Robert Harrison résume bien, ainsi, l’enjeu plurimillénaire, le choix de civilisations que représente la forêt, avec ses mythes et ses réalités (1). Une forêt omniprésente dans l’imaginaire européen.
L’inconscient collectif est aujourd’hui frappé par la destruction des forêts, due à l’incendie, aux pluies acides, à une exploitation excessive. Un être normal – c’est-à-dire quelqu’un qui n’est pas encore totalement conditionné par la société marchande – ressent quelque part au fond de lui-même, quelle vitale vérité exprime Jean Giono lorsqu’il écrit de l’un de ses personnages : "Il pense : il tue quand il coupe un arbre !"
Le rapport de l’homme à la forêt est primordial. Il traduit une vision du monde, le choix d’un système de valeurs. Car la forêt, symbole fort, porte en elle des références fondamentales. "Une époque historique, écrit Harrison, livre des révélations essentielles sur son idéologie, ses institutions et ses lois, ou son tempérament culturel, à travers les différentes manières dont elle traite ou considère ses forêts." Dans la longue mémoire culturelle des peuples, la place donnée – ou non – aux forêts est un repère qui ne trompe pas.
Pour étudier la place des forêts dans les cultures et les civilisations, depuis qu’il existe à la surface de la terre des sociétés humaines, Harrison prend pour guide une grille d’analyse forgée par un Napolitain du XVIIIe siècle, Giambattisto Vico, qui résume ainsi l’évolution de l’humanité : "Les choses se sont succédé dans l’ordre suivant : d’abord les forêts, puis les cabanes, les villages, les cités et enfin les académies savantes" (La Science nouvelle, 1744).

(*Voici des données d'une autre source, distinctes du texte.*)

(* If $\tau$ is a tau function of the Pfaff–Toda hierarchy, then $$\tfrac12D_{t_1}D_{\bar t_1}\tau(s,r)\cdot\tau(s,r)+\tau(s-1,r)\tau(s+1,r)-\tau(s,r-1)\tau(s,r+1)=0$$ and $$D_{t_1}\tau(s,r)\cdot\tau(s+1,r-1)+D_{\bar t_1}\tau(s,r-1)\cdot\tau(s+1,r)=0.$$
   Context: Let $\boldsymbol t=(t_1,t_2,\dots)$, $\bar{\boldsymbol t}=(\bar t_1,\bar t_2,\dots)$ be infinite sequences of continuous variables and $s,r\in\mathbb Z$. Put $[z]=(z,z^2/2,z^3/3,\dots)$, $\xi(\boldsymbol t,z)=\sum_{k\ge1}t_kz^k$. For a formal Laurent series $f(z)=\sum_na_nz^n$ write $\oint\frac{dz}{2\pi i}f(z)=a_{-1}$. A tau function of the Pfaff–Toda hierarchy is a nowhere vanishing function $\tau(s,r,\boldsymbol t,\bar{\boldsymbol t})$ such that for all $(s,r,\boldsymbol t,\bar{\boldsymbol t})$, $(s',r',\boldsymbol t',\bar{\boldsymbol t}')$: $$\oint\frac{dz}{2\pi i}z^{s'+r'-s-r}e^{\xi(\boldsymbol t'-\boldsymbol t,z)}\tau(s',r',\boldsymbol t'-[z^{-1}],\bar{\boldsymbol t}')\tau(s,r,\boldsymbol t+[z^{-1}],\bar{\boldsymbol t})+\oint\frac{dz}{2\pi i}z^{s+r-s'-r'-4}e^{\xi(\boldsymbol t-\boldsymbol t',z)}\tau(s'+1,r'+1,\boldsymbol t'+[z^{-1}],\bar{\boldsymbol t}')\tau(s-1,r-1,\boldsymbol t-[z^{-1}],\bar{\boldsymbol t})$$ $$=\oint\frac{dz}{2\pi i}z^{s'-r'-s+r}e^{\xi(\bar{\boldsymbol t}'-\bar{\boldsymbol t},z^{-1})}\tau(s'+1,r',\boldsymbol t',\bar{\boldsymbol t}'-[z])\tau(s-1,r,\boldsymbol t,\bar{\boldsymbol t}+[z])+\oint\frac{dz}{2\pi i}z^{s-r-s'+r'}e^{\xi(\bar{\boldsymbol t}-\bar{\boldsymbol t}',z^{-1})}\tau(s',r'+1,\boldsymbol t',\bar{\boldsymbol t}'+[z])\tau(s,r-1,\boldsymbol t,\bar{\boldsymbol t}-[z]),$$ where the two left-hand integrands are expanded at $z=\infty$ and the two right-hand ones at $z=0$. Abbreviate $\tau(s,r)=\tau(s,r,\boldsymbol t,\bar{\boldsymbol t})$. Hirota's bilinear derivative: $D_xf\cdot g=(\partial_xf)g-f\,\partial_xg$, and $D_xD_yf\cdot g=\partial_u\partial_v\big(f(x+u,y+v)g(x-u,y-v)\big)|_{u=v=0}$. *)

theory Defs
  imports Complex_Main "HOL-Library.Poly_Mapping"
begin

Ainsi, les forêts seraient à l’origine la matrice naturelle d’où seraient sortis les premiers hommes. Lesquels, en s’affranchissant du milieu forestier pour ouvrir des clairières, en se regroupant pour construire des cabanes, auraient planté les premiers jalons de la civilisation, c’est-à-dire de la conquête de l’homme sur la nature. Puis, d’étape en étape, de la ruralité au phénomène urbain, de la rusticité à la culture savante, de la glèbe aux salons intellectuels, l’humanité aurait réalisé son ascension. On voit bien, ici, s’exprimer crûment cette conception tout à la fois linéaire et progressiste de l’histoire, qui triomphe au XVIIIe siècle avec la philosophie libérale des Lumières pour nourrir, successivement, l’idéologie libérale et l’idéologie marxiste. Mais cette vision de l’histoire plonge ses racines très loin, dans cette région du monde qui, entre Méditerranée et Mésopotamie, a donné successivement naissance au judaïsme, au christianisme et à l’islam, ces trois monothéismes qui sont définis, à juste titre, comme les religions du Livre.
Tu ne planteras pas…
Religions du Livre, de la Loi, du désert. C’est–à-dire religions ennemies de la forêt, car celle-ci constitue un univers à tous égards incompatible avec le message des fils d’Abraham. La Bible, est, à ce sujet, sans ambiguïté. Dans le Deutéronome, Moïse ordonne à ses errants dont il veut faire le Peuple élu de brûler, sur leur passage, les bois sacrés que vénèrent les païens, de détruire ces piliers de bois qui se veulent image de l’arbre de vie : "Mais voici comment vous devez agir à leur égard : vous démolirez leurs autels, briserez leurs stèles, vous couperez leurs pieux sacrés, et vous brûlerez leurs idoles." L’affirmation du Dieu unique implique l’anéantissement des symboles qui lui sont étrangers : "Tu ne planteras pas de pieu sacré, de quelque bois que ce soit, à côté de l’autel de Yahvé ton Dieu que tu auras bâti."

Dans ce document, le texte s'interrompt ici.